The police report does indicate that there was some question about the number of passengers in the Chevrolet Silverado and refers to the statements of Travis Banks, the driver who rear-ended the Chevrolet Silverado, and Christopher Edwards, an independent witness to the accident. Travis Banks indicated that only three people were in the Chevrolet Silverado. Christopher Edwards told the police officer that he believed no more than three people were in the Chevrolet Silverado at the time of the accident even though other people said there were more individuals involved. Based upon the information in the police report, State Farm did not tender any payments to the plaintiffs after receiving letters from counsel for four plaintiffs, each dated September 29, 2009, detailing each plaintiff's damages.3 State Farm did depose Travis Banks on May 10, 2010, and Christopher Edwards on July 1, 2010.

Travis Banks testified that after he hit the Chevrolet Silverado in front of him, another vehicle pulled up to the Chevrolet Silverado, and people from the second vehicle told the police officer they were in the truck that was rear-ended and involved in the accident. Mr. Banks further testified that he saw another vehicle drive up to the scene, people exit that vehicle, and go to the Chevrolet Silverado. Travis Banks discussed with the police officer that other people were going to the Chevrolet Silverado saying they were in the wreck when they were not. He only saw, at most, three people in the Chevrolet Silverado. The plaintiffs' attorney pointed out that Mr. Banks stayed near the rear of the truck, that the windows on the truck were tinted, and that there were many people around the accident scene. The deposition of Christopher Edwards was also taken wherein he indicated that the truck had one to three people in it at the time of the accident but that many people at the scene tried to say they were in the Chevrolet Silverado but were not.

It is well-settled that a plaintiff seeking penalties and attorney's fees must prove the insurer knowingly committed actions that were completely unjustified, without reasonable or probable cause or excuse. Lastrapes v. Progressive Security Insurance Company, 10-0051 (La. 11/30/10), 51 So.3d 659, 663. An insurer must have a reasonable and legitimate question as to the extent or causation of a claim in order to avoid statutory penalties for the failure to pay a claim. See Block, 742 So. 2d at 752. When a serious defense is present in good faith, assessment of attorney's fees and statutory penalties against an insurer is inappropriate. See Kikendall v. American Progressive Ins. Co., 457 So.2d 53, 59 (La. App. 1st Cir. 1984). If the insurer has a good faith, reasonable explanation for its failure to timely pay on a claim, then the penalty provisions should not apply. McDonald v. American Family Life Assurance Company of Columbus, 10-1873 (La. App. 1 Cir. 7/27/11), 70 So.3d 1086, 1093. When a reasonable disagreement exists between an insurer and an insured, the insurer is not arbitrary and capricious or without probable cause to deny payment on the claim that is in dispute. Id.

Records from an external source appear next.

lemma (in group) equicont_point_iff_finitary:
  assumes E: "sym_fin_gen G E" and \<Phi>: "\<Phi> \<in> configs G A \<rightarrow> configs G A"
  shows "equicont_point G E A \<Phi> x \<longleftrightarrow> finitary_equicont_point G A \<Phi> x"
proof -
  let ?stable = "\<lambda>\<delta> \<epsilon>. \<forall>t. (\<Phi> ^^ t) ` cball_E G E A x \<delta> \<subseteq> cball_E G E A ((\<Phi> ^^ t) x) \<epsilon>"
  have "equicont_point G E A \<Phi> x \<longleftrightarrow> (\<forall>\<epsilon>>0. \<exists>\<delta>>0. ?stable \<delta> \<epsilon>)"
    unfolding equicont_point_def ..
  also have "\<dots> \<longleftrightarrow> (\<forall>k. \<exists>\<delta>>0. ?stable \<delta> ((1/2) ^ k))"
    by (rule all_pos_iff_all_half_powers) (meson cball_E_mono order_trans)
  also have "\<dots> \<longleftrightarrow> (\<forall>k. \<exists>D. finite D \<and> D \<subseteq> carrier G \<and> window_stable G A \<Phi> x D (word_ball G E k))"
    using ball_stable_iff_window_stable[OF E \<Phi>] by simp
  also have "\<dots> \<longleftrightarrow> finitary_equicont_point G A \<Phi> x"
    unfolding finitary_equicont_point_def
    by (rule all_word_balls_iff_all_finite[OF E]) (meson window_stable_mono order_refl)
  finally show ?thesis .
qed

lemma (in group) not_sensitive_iff_finitary:
  assumes E: "sym_fin_gen G E" and \<Phi>: "\<Phi> \<in> configs G A \<rightarrow> configs G A"
  shows "\<not> sensitive G E A \<Phi> \<longleftrightarrow> finitary_nonsensitive G A \<Phi>"
proof -
  let ?stable = "\<lambda>x \<delta> \<epsilon>. \<forall>t. (\<Phi> ^^ t) ` cball_E G E A x \<delta> \<subseteq> cball_E G E A ((\<Phi> ^^ t) x) \<epsilon>"
  have "\<not> sensitive G E A \<Phi> \<longleftrightarrow> (\<forall>\<epsilon>>0. \<exists>x\<in>configs G A. \<exists>\<delta>>0. ?stable x \<delta> \<epsilon>)"
    unfolding sensitive_def by (auto simp: image_subset_iff)
  also have "\<dots> \<longleftrightarrow> (\<forall>k. \<exists>x\<in>configs G A. \<exists>\<delta>>0. ?stable x \<delta> ((1/2) ^ k))"
    by (rule all_pos_iff_all_half_powers) (meson cball_E_mono order_trans)
  also have "\<dots> \<longleftrightarrow> (\<forall>k. \<exists>x\<in>configs G A. \<exists>D. finite D \<and> D \<subseteq> carrier G
                        \<and> window_stable G A \<Phi> x D (word_ball G E k))"
    using ball_stable_iff_window_stable[OF E \<Phi>] by simp
  also have "\<dots> \<longleftrightarrow> finitary_nonsensitive G A \<Phi>"
    unfolding finitary_nonsensitive_def
    by (rule all_word_balls_iff_all_finite[OF E]) (meson window_stable_mono order_refl)
  finally show ?thesis .
qed

lemma (in monoid) CA_funcset:
  assumes "local_rule G A S \<mu>"
  shows "CA G S \<mu> \<in> configs G A \<rightarrow> configs G A"
proof
  fix z assume z: "z \<in> configs G A"
  have S: "S \<subseteq> carrier G" and \<mu>: "\<mu> \<in> (S \<rightarrow>\<^sub>E A) \<rightarrow> A"
    using assms unfolding local_rule_def by auto
  have "\<mu> (\<lambda>s\<in>S. z (g \<otimes> s)) \<in> A" if "g \<in> carrier G" for g
    using z S that by (intro funcset_mem[OF \<mu>]) (auto simp: configs_def restrict_PiE_iff)
  then show "CA G S \<mu> z \<in> configs G A"
    unfolding CA_def configs_def by (simp add: restrict_PiE_iff)
qed

(* Depends on g only through its coset gH, so it picks one representative per coset. *)
definition coset_rep :: "('g, 'b) monoid_scheme \<Rightarrow> 'g set \<Rightarrow> 'g \<Rightarrow> 'g" where
  "coset_rep G H g = (SOME r. r \<in> g <#\<^bsub>G\<^esub> H)"

definition coset_glue :: "('g, 'b) monoid_scheme \<Rightarrow> 'g set \<Rightarrow> ('g \<Rightarrow> 'g \<Rightarrow> nat) \<Rightarrow> 'g \<Rightarrow> nat" where
  "coset_glue G H X =
     (\<lambda>g\<in>carrier G. X (coset_rep G H g) (inv\<^bsub>G\<^esub> (coset_rep G H g) \<otimes>\<^bsub>G\<^esub> g))"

State Farm was presented with an automobile accident in which the police report and two witness statements indicated there was an issue with the number of people in the truck that was rear-ended. Travis Banks and Christopher Edwards were later deposed and testified that all the people who claimed they were in the truck were not actually in it at the time of the accident. There was also conflicting deposition and trial testimony as to where the occupants were seated at the time of the accident. Furthermore, even at the trial, there were numerous versions as to where everyone sat in the truck. Bernard Bingham, the driver of the truck, even admitted that no one was seated next to him in the center, front seat. Therefore, seven people were sitting in five seats. Both Shirley Bingham and Shirley Addison, the twelve year old, testified that Shirley Addison was in a seat in the middle back seat, not in someone's lap. Additionally, the deposition testimony clearly showed inconsistencies in the color of the Chevrolet Silverado the plaintiffs allegedly occupied. Shirley Bingham testified that the truck was brown, and Dajia Rogers testified that it was tan. The truck was actually blue, as evidenced by the exhibits. State Farm also relied upon the medical evidence presented, which indicated that some of the treatment for Shirley Bingham and Shirley Addison was unrelated to the accident. Shirley Bingham was pregnant at the time of the accident, and some of her treatment related to her pregnancy did not mention any pain due to an accident. Additionally, two plaintiffs did not even appear for trial, even though they had previously submitted demand letters to State Farm, and their cases were dismissed. State Farm certainly had a reasonable and legitimate defense as to the claims of the plaintiffs.4 There is nothing in the record which evidences a "vexatious refusal to pay" without a reasonable excuse. See Louisiana Bag Company, 999 So. 2d at 1114.

Besides State Farm's defense as to causation of the injuries alleged, it also presented a defense as to the extent of the damages. Many of the medical records submitted by State Farm for Shirley Bingham and Shirley Addison did not mention the vehicle accident or indicated the treatment was not related to an accident. Even if at trial it were shown that some of the treatment was indeed related to the accident, State Farm had a defense as to the extent of causation at the time the proof of loss was presented. State Farm also possessed the information that Shirley Bingham and Shirley Addison went to the emergency room immediately following the accident but left prior to being seen on the date of the accident, instead proceeding along with Dajia Rogers to the Angola Rodeo where all of the plaintiffs walked around the rest of the day and Shirley Bingham danced.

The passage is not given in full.